YOUR TASK
Two lines mark the range in the entries below: the one holding "(intro V_deriv) simp" and the one holding "define V_inf where". Set down those two and all lines between them, exactly.
-- RECORDS TO USE follows --
(* Consider the second-order Kuramoto model with bonding force $$\dot\theta_i=\omega_i,\qquad \dot\omega_i=\frac{1}{N}\sum_{j=1}^N\big[\kappa_0\cos(\theta_j-\theta_i)+\kappa_1\big](\omega_j-\omega_i)+\frac{\kappa_2}{N}\sum_{j=1}^N\big[|\theta_j-\theta_i|-\theta^\infty_{ij}\big]\operatorname{sgn}(\theta_j-\theta_i),\quad i\in[N].$$ Suppose $(\Theta^0,W^0)\in\mathcal{S}$, $\mathcal{E}(0)<\frac{\kappa_2(\min_{i\ne j}\theta^\infty_{ij})^2}{2N}$, $\kappa_0\cos\mathcal{U}+\kappa_1>0$, $\kappa_2>0$, and let $\{(\theta_i,\omega_i)\}$ be a global smooth solution. Then: (i) $\lim_{t\to\infty}\max_{i,j}|\dot\theta_j(t)-\dot\theta_i(t)|=0$; (ii) if $\sum_{i=1}^N\omega_i^0=0$, then $\lim_{t\to\infty}\max_{1\le i\le N}|\omega_i(t)|=0$.
   Context: $N\ge2$, $\kappa_0,\kappa_1\ge0$; $[\theta^\infty_{ij}]$ real symmetric with zero diagonal; $\operatorname{sgn}$ the sign function; $\omega_i^0=\omega_i(0)$. $\mathcal{E}:=\frac12\sum_i|\omega_i|^2+\frac{\kappa_2}{4N}\sum_{i,j}(|\theta_j-\theta_i|-\theta^\infty_{ij})^2$; $\mathcal{U}:=\max_{i\ne j}\theta^\infty_{ij}+\sqrt{2N\mathcal{E}(0)/\kappa_2}$; $\mathcal{S}:=\{(\Theta,W)\in\mathbb{R}^{2N}:|\theta_i-\theta_j|<\mathcal{U}<\pi\ \forall i,j\}$. *)

theory Defs
  imports "HOL-Analysis.Analysis"
begin

text \<open>Oscillators are indexed by 0..N-1; states are functions nat => real.\<close>

definition kur_energy :: "nat \<Rightarrow> real \<Rightarrow> (nat \<Rightarrow> nat \<Rightarrow> real) \<Rightarrow> (nat \<Rightarrow> real) \<Rightarrow> (nat \<Rightarrow> real) \<Rightarrow> real" where
  "kur_energy N k2 thinf th om =
     (1/2) * (\<Sum>i<N. (om i)\<^sup>2)
     + k2 / (4 * real N) * (\<Sum>i<N. \<Sum>j<N. (\<bar>th j - th i\<bar> - thinf i j)\<^sup>2)"

definition kur_U :: "nat \<Rightarrow> real \<Rightarrow> (nat \<Rightarrow> nat \<Rightarrow> real) \<Rightarrow> real \<Rightarrow> real" where
  "kur_U N k2 thinf E0 =
     Max {thinf i j | i j. i < N \<and> j < N \<and> i \<noteq> j} + sqrt (2 * real N * E0 / k2)"

definition kur_rhs :: "nat \<Rightarrow> real \<Rightarrow> real \<Rightarrow> real \<Rightarrow> (nat \<Rightarrow> nat \<Rightarrow> real) \<Rightarrow> (nat \<Rightarrow> real) \<Rightarrow> (nat \<Rightarrow> real) \<Rightarrow> nat \<Rightarrow> real" where
  "kur_rhs N k0 k1 k2 thinf th om i =
     (1 / real N) * (\<Sum>j<N. (k0 * cos (th j - th i) + k1) * (om j - om i))
     + (k2 / real N) * (\<Sum>j<N. (\<bar>th j - th i\<bar> - thinf i j) * sgn (th j - th i))"

end

theory Submission
  imports Defs
begin

(* Along a solution the energy E satisfies
     E' = - 1/(2N) * sum_{i,j} (k0 cos(th_j - th_i) + k1) (om_j - om_i)^2
   as long as no two phases coincide: the velocity coupling is symmetric and the bonding
   force antisymmetric in (i, j). While E <= E(0), every bond deviation
   | |th_j - th_i| - thinf_ij | is at most sqrt(2N E(0)/k2), which the hypothesis on E(0)
   makes smaller than min thinf; hence the phases stay distinct, |th_j - th_i| <= U < pi, and
   all weights are at least k0 cos U + k1 > 0, so E keeps decreasing. A continuity argument
   therefore gives E <= E(0) for all time. The dissipation then dominates each (om_j - om_i)^2
   and the om_i are uniformly Lipschitz, so a Barbalat-type argument forces om_j - om_i -> 0.
   Finally sum_i om_i is conserved, and if it vanishes, om_i = 1/N sum_j (om_i - om_j) -> 0. *)

section \<open>Calculus on the half-line\<close>

lemma has_real_derivative_abs:
  fixes x :: real
  assumes "x \<noteq> 0"
  shows "(abs has_real_derivative sgn x) (at x)"
proof -
  have "(norm has_real_derivative sgn x) (at x)"
    by (rule has_derivative_imp_has_field_derivative[OF has_derivative_norm[OF assms]]) simp
  then show ?thesis by (simp add: real_norm_def[abs_def])
qed

lemma DERIV_le_imp_le_linear:
  fixes f f' :: "real \<Rightarrow> real"
  assumes "a \<le> b" and "continuous_on {a..b} f"
    and "\<And>x. a < x \<Longrightarrow> x < b \<Longrightarrow> (f has_real_derivative f' x) (at x)"
    and "\<And>x. a < x \<Longrightarrow> x < b \<Longrightarrow> f' x \<le> c"
  shows "f b \<le> f a + c * (b - a)"
proof -
  have "(\<lambda>x. f x - c * x) b \<le> (\<lambda>x. f x - c * x) a"
  proof (rule DERIV_nonpos_imp_decreasing_open[OF \<open>a \<le> b\<close>])
    fix x assume "a < x" "x < b"
    then show "\<exists>y. ((\<lambda>x. f x - c * x) has_real_derivative y) (at x) \<and> y \<le> 0"
      using assms(3,4) by (intro exI conjI derivative_eq_intros) auto
  qed (intro continuous_intros assms(2))
  then show ?thesis by (simp add: algebra_simps)
qed

lemma le_initial_if_locally_nonincreasing:
  fixes f :: "real \<Rightarrow> real"
  assumes cont: "continuous_on {0..} f"
    and near: "\<And>t. 0 \<le> t \<Longrightarrow> f t \<le> f 0 \<Longrightarrow>
      \<forall>\<^sub>F s in at_right t. \<exists>y. (f has_real_derivative y) (at s) \<and> y \<le> 0"
    and "0 \<le> t"
  shows "f t \<le> f 0"
proof (rule ccontr)
  assume "\<not> f t \<le> f 0"
  define S where "S = {0..t} \<inter> f -` {..f 0}"
  have "closed S"
    unfolding S_def by (intro continuous_closed_preimage continuous_on_subset[OF cont]) auto
  moreover have "0 \<in> S" "bdd_above S" using \<open>0 \<le> t\<close> by (auto simp: S_def)
  ultimately have "Sup S \<in> S" by (auto intro: closed_contains_Sup)
  then have s0: "0 \<le> Sup S" "Sup S < t" "f (Sup S) \<le> f 0"
    using \<open>\<not> f t \<le> f 0\<close> by (auto simp: S_def less_le)
  obtain b where "Sup S < b"
    and nonincr: "\<And>x. Sup S < x \<Longrightarrow> x < b \<Longrightarrow> \<exists>y. (f has_real_derivative y) (at x) \<and> y \<le> 0"
    using near[OF s0(1,3)] by (auto simp: eventually_at_right_field)
  define s1 where "s1 = min b t"
  have "Sup S < s1" "s1 \<le> t" using \<open>Sup S < b\<close> s0 by (auto simp: s1_def)
  have "f s1 \<le> f (Sup S)"
  proof (rule DERIV_nonpos_imp_decreasing_open[of "Sup S" s1 f])
    show "continuous_on {Sup S..s1} f"
      using s0 by (intro continuous_on_subset[OF cont]) auto
  qed (use \<open>Sup S < s1\<close> nonincr s1_def in auto)
  then have "s1 \<in> S" using s0 \<open>Sup S < s1\<close> \<open>s1 \<le> t\<close> by (auto simp: S_def)
  then have "s1 \<le> Sup S" using \<open>bdd_above S\<close> by (rule cSup_upper)
  then show False using \<open>Sup S < s1\<close> by simp
qed

lemma tendsto_zero_of_dissipation:
  fixes V V' f :: "real \<Rightarrow> real"
  assumes V_cont: "continuous_on {0..} V"
    and V_deriv: "\<And>t. 0 < t \<Longrightarrow> (V has_real_derivative V' t) (at t)"
    and dissip: "\<And>t. 0 < t \<Longrightarrow> V' t \<le> - a * (f t)\<^sup>2"
    and "0 < a"
    and V_bdd: "\<And>t. 0 \<le> t \<Longrightarrow> b \<le> V t"
    and lip: "\<And>s t. 0 \<le> s \<Longrightarrow> 0 \<le> t \<Longrightarrow> \<bar>f s - f t\<bar> \<le> L * \<bar>s - t\<bar>"
  shows "(f \<longlongrightarrow> 0) at_top"
proof (rule tendstoI)
  fix \<epsilon> :: real assume "0 < \<epsilon>"
  define \<delta> where "\<delta> = \<epsilon> / (2 * (\<bar>L\<bar> + 1))"
  define c where "c = a * (\<epsilon> / 2)\<^sup>2"
  have "0 < \<delta>" "0 < c" using \<open>0 < \<epsilon>\<close> \<open>0 < a\<close> by (simp_all add: \<delta>_def c_def)
  \<comment> \<open>If \<open>|f t| \<ge> \<epsilon>\<close>, the Lipschitz bound keeps \<open>|f| \<ge> \<epsilon>/2\<close> on \<open>[t, t + \<delta>]\<close>, so \<open>V\<close> drops by \<open>c \<delta>\<close>;
    this can only happen while \<open>V\<close> is still \<open>c \<delta>\<close> above its infimum.\<close>
  have V_step: "V (t + \<delta>) \<le> V t + (- c) * (t + \<delta> - t)" if "0 \<le> t" "\<epsilon> \<le> \<bar>f t\<bar>" for t
  proof (rule DERIV_le_imp_le_linear[where f' = V'])
    show "continuous_on {t..t + \<delta>} V" using \<open>0 \<le> t\<close> by (intro continuous_on_subset[OF V_cont]) auto
    fix s assume s: "t < s" "s < t + \<delta>"
    then show "(V has_real_derivative V' s) (at s)" using \<open>0 \<le> t\<close> by (intro V_deriv) simp
    have "L * \<bar>s - t\<bar> \<le> \<bar>L\<bar> * \<delta>" using s by (intro mult_mono) auto
    then have "\<bar>f s - f t\<bar> \<le> \<bar>L\<bar> * \<delta>" using lip[of s t] s \<open>0 \<le> t\<close> by simp
    also have "\<bar>L\<bar> * \<delta> \<le> \<epsilon> / 2"
      using \<open>0 < \<epsilon>\<close> by (simp add: \<delta>_def field_simps)
    finally have "\<epsilon> / 2 \<le> \<bar>f s\<bar>" using \<open>\<epsilon> \<le> \<bar>f t\<bar>\<close> by linarith
    then have "(\<epsilon> / 2)\<^sup>2 \<le> (f s)\<^sup>2"
      using \<open>0 < \<epsilon>\<close> by (metis abs_le_square_iff abs_of_pos half_gt_zero)
    then have "c \<le> a * (f s)\<^sup>2"
      unfolding c_def using \<open>0 < a\<close> by (intro mult_left_mono) auto
    then show "V' s \<le> - c" using dissip[of s] s \<open>0 \<le> t\<close> by linarith
  qed (use \<open>0 < \<delta>\<close> in simp)
  have V_antitone: "V t \<le> V s" if "0 \<le> s" "s \<le> t" for s t
  proof -
    have "V t \<le> V s + 0 * (t - s)"
    proof (rule DERIV_le_imp_le_linear[where f' = V'])
      show "continuous_on {s..t} V" using \<open>0 \<le> s\<close> by (intro continuous_on_subset[OF V_cont]) auto
      fix x assume "s < x"
      then show "(V has_real_derivative V' x) (at x)" "V' x \<le> 0"
        using \<open>0 \<le> s\<close> V_deriv dissip[of x] \<open>0 < a\<close> by (auto intro: order.trans)
    qed (rule \<open>s \<le> t\<close>)
    then show ?thesis by simp
  qed
  define V_inf where "V_inf = Inf (V ` {0..})"
  have "bdd_below (V ` {0..})" using V_bdd by (intro bdd_belowI[of _ b]) auto
  then have V_inf_le: "V_inf \<le> V t" if "0 \<le> t" for t
    using that unfolding V_inf_def by (auto intro: cInf_lower)
  obtain T where "0 \<le> T" "V T < V_inf + c * \<delta>"
    using cInf_lessD[of "V ` {0..}" "V_inf + c * \<delta>"] \<open>0 < c\<close> \<open>0 < \<delta>\<close>
    unfolding V_inf_def by auto
  have "\<bar>f t\<bar> < \<epsilon>" if "T \<le> t" for t
  proof (rule ccontr)
    assume "\<not> \<bar>f t\<bar> < \<epsilon>"
    then have "V (t + \<delta>) \<le> V T - c * \<delta>"
      using V_step[of t] V_antitone[of T t] \<open>0 \<le> T\<close> \<open>T \<le> t\<close> by simp
    then show False using V_inf_le[of "t + \<delta>"] \<open>0 \<le> T\<close> \<open>T \<le> t\<close> \<open>0 < \<delta>\<close> \<open>V T < _\<close> by simp
  qed
  then show "\<forall>\<^sub>F t in at_top. dist (f t) 0 < \<epsilon>"
    by (auto simp: eventually_at_top_linorder)
qed

lemma tendsto_Max_abs_zero:
  fixes f :: "'i \<Rightarrow> 'a \<Rightarrow> real"
  assumes "finite I" and "I \<noteq> {}" and "\<And>i. i \<in> I \<Longrightarrow> (f i \<longlongrightarrow> 0) F"
  shows "((\<lambda>x. Max ((\<lambda>i. \<bar>f i x\<bar>) ` I)) \<longlongrightarrow> 0) F"
proof (rule tendsto_sandwich)
  obtain i where "i \<in> I" using assms(2) by blast
  then show "\<forall>\<^sub>F x in F. 0 \<le> Max ((\<lambda>i. \<bar>f i x\<bar>) ` I)"
    using assms(1) by (intro always_eventually allI Max_ge_iff[THEN iffD2]) auto
  show "\<forall>\<^sub>F x in F. Max ((\<lambda>i. \<bar>f i x\<bar>) ` I) \<le> (\<Sum>i\<in>I. \<bar>f i x\<bar>)"
    using assms(1,2) by (intro always_eventually allI) (auto intro: member_le_sum)
  show "((\<lambda>x. \<Sum>i\<in>I. \<bar>f i x\<bar>) \<longlongrightarrow> 0) F"
    using tendsto_sum[of I "\<lambda>i x. \<bar>f i x\<bar>" "\<lambda>_. 0"] assms(3) tendsto_rabs_zero by auto
qed simp

section \<open>Antisymmetric double sums\<close>

lemma sum_sum_antisym_eq_0:
  fixes F :: "'a \<Rightarrow> 'a \<Rightarrow> 'b::linordered_ab_group_add"
  assumes "\<And>i j. i \<in> I \<Longrightarrow> j \<in> I \<Longrightarrow> F j i = - F i j"
  shows "(\<Sum>i\<in>I. \<Sum>j\<in>I. F i j) = 0"
proof -
  have "(\<Sum>i\<in>I. \<Sum>j\<in>I. F i j) = (\<Sum>j\<in>I. \<Sum>i\<in>I. F i j)" by (rule sum.swap)
  also have "\<dots> = (\<Sum>j\<in>I. \<Sum>i\<in>I. - F j i)" by (intro sum.cong refl assms)
  also have "\<dots> = - (\<Sum>j\<in>I. \<Sum>i\<in>I. F j i)" by (simp add: sum_negf)
  finally show ?thesis by simp
qed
-- RECORDS TO USE concluded --
RESPONSE BOX
    then show "(V has_real_derivative V' s) (at s)" using \<open>0 \<le> t\<close> by (intro V_deriv) simp
    have "L * \<bar>s - t\<bar> \<le> \<bar>L\<bar> * \<delta>" using s by (intro mult_mono) auto
    then have "\<bar>f s - f t\<bar> \<le> \<bar>L\<bar> * \<delta>" using lip[of s t] s \<open>0 \<le> t\<close> by simp
    also have "\<bar>L\<bar> * \<delta> \<le> \<epsilon> / 2"
      using \<open>0 < \<epsilon>\<close> by (simp add: \<delta>_def field_simps)
    finally have "\<epsilon> / 2 \<le> \<bar>f s\<bar>" using \<open>\<epsilon> \<le> \<bar>f t\<bar>\<close> by linarith
    then have "(\<epsilon> / 2)\<^sup>2 \<le> (f s)\<^sup>2"
      using \<open>0 < \<epsilon>\<close> by (metis abs_le_square_iff abs_of_pos half_gt_zero)
    then have "c \<le> a * (f s)\<^sup>2"
      unfolding c_def using \<open>0 < a\<close> by (intro mult_left_mono) auto
    then show "V' s \<le> - c" using dissip[of s] s \<open>0 \<le> t\<close> by linarith
  qed (use \<open>0 < \<delta>\<close> in simp)
  have V_antitone: "V t \<le> V s" if "0 \<le> s" "s \<le> t" for s t
  proof -
    have "V t \<le> V s + 0 * (t - s)"
    proof (rule DERIV_le_imp_le_linear[where f' = V'])
      show "continuous_on {s..t} V" using \<open>0 \<le> s\<close> by (intro continuous_on_subset[OF V_cont]) auto
      fix x assume "s < x"
      then show "(V has_real_derivative V' x) (at x)" "V' x \<le> 0"
        using \<open>0 \<le> s\<close> V_deriv dissip[of x] \<open>0 < a\<close> by (auto intro: order.trans)
    qed (rule \<open>s \<le> t\<close>)
    then show ?thesis by simp
  qed
  define V_inf where "V_inf = Inf (V ` {0..})"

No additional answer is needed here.